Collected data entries
________________

lemma rat_ultrametric_insert_point:
  assumes um: "rat_ultrametric A d" and p: "p \<notin> A" and r: "admissible_dists A d r"
  shows "rat_ultrametric (insert p A)
           (\<lambda>a b. if a = b then 0 else if a = p then r b else if b = p then r a else d a b)"
    (is "rat_ultrametric _ ?\<rho>")
proof -
  have pos: "0 < r a" if "a \<in> A" for a
    using r that unfolding admissible_dists_def by blast
  have basic: "0 \<le> ?\<rho> x y \<and> (?\<rho> x y = 0 \<longleftrightarrow> x = y) \<and> ?\<rho> x y = ?\<rho> y x"
    if "x \<in> insert p A" "y \<in> insert p A" for x y
  proof (cases "x = y \<or> x = p \<or> y = p")
    case True
    with that pos[of x] pos[of y] p show ?thesis by (auto simp: less_imp_le)
  next
    case False
    with that um show ?thesis unfolding rat_ultrametric_def by auto
  qed
  have tri: "?\<rho> x z \<le> max (?\<rho> x y) (?\<rho> y z)"
    if xyz: "x \<in> insert p A" "y \<in> insert p A" "z \<in> insert p A" for x y z
  proof (cases "x = y \<or> y = z \<or> x = z")
    case True
    then show ?thesis using basic[of x y] basic[of y z] basic[of x z] xyz by (auto simp: le_max_iff_disj)
  next
    case False
    then consider "x = p" "y \<in> A" "z \<in> A" | "y = p" "x \<in> A" "z \<in> A" | "z = p" "x \<in> A" "y \<in> A"
      | "x \<in> A" "y \<in> A" "z \<in> A" "p \<notin> {x, y, z}"
      using xyz by auto
    then show ?thesis
    proof cases
      case 1
      then show ?thesis using False r rat_ultrametric_sym[OF um, of y z] unfolding admissible_dists_def
        by (auto simp: max.commute)
    next
      case 2
      then show ?thesis using False r unfolding admissible_dists_def by auto
    next
      case 3
      then show ?thesis using False r unfolding admissible_dists_def by auto
    next
      case 4
      then show ?thesis using False rat_ultrametric_le_max[OF um] by auto
    qed
  qed
  with basic show ?thesis unfolding rat_ultrametric_def by blast
qed

lemma extension_property_nonempty:
  assumes "extension_property X d"
  shows "X \<noteq> {}"
  using assms[unfolded extension_property_def, rule_format, of "{}"]
  by (auto simp: admissible_dists_def)

lemma extension_propertyD:
  assumes ep: "extension_property X d" and um: "rat_ultrametric X d"
    and I: "finite I" "g ` I \<subseteq> X" and r: "admissible_dists I (\<lambda>i j. d (g i) (g j)) r"
  shows "\<exists>z\<in>X. \<forall>i\<in>I. d z (g i) = r i"
proof -
  have r_le: "r i \<le> r j" if ij: "i \<in> I" "j \<in> I" "g i = g j" for i j
  proof -
    have "d (g i) (g j) = 0" using ij I rat_ultrametric_self[OF um] by auto
    moreover have "r i \<le> max (d (g i) (g j)) (r j)" "0 < r j"
      using r ij unfolding admissible_dists_def by blast+
    ultimately show ?thesis by simp
  qed
  define r' where "r' b = r (SOME i. i \<in> I \<and> g i = b)" for b
  have r'_g: "r' (g i) = r i" if "i \<in> I" for i
    unfolding r'_def
  proof (rule someI2[of _ i])
    show "i \<in> I \<and> g i = g i" using that by simp
  next
    fix j assume "j \<in> I \<and> g j = g i"
    then show "r j = r i" using r_le that by (metis order_antisym)
  qed
  have "admissible_dists (g ` I) d r'"
    using r unfolding admissible_dists_def by (simp add: r'_g)
  then obtain z where z: "z \<in> X" "\<forall>a\<in>g ` I. d z a = r' a"
    using ep I unfolding extension_property_def by (meson finite_imageI)
  then have "\<forall>i\<in>I. d z (g i) = r i" by (simp add: r'_g)
  with z(1) show ?thesis by blast
qed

________________

Go over the data above and copy every line that has the word "proof" in it.

proof -
  proof (cases "x = y \<or> x = p \<or> y = p")
  proof (cases "x = y \<or> y = z \<or> x = z")
    proof cases
proof -
  proof -
  proof (rule someI2[of _ i])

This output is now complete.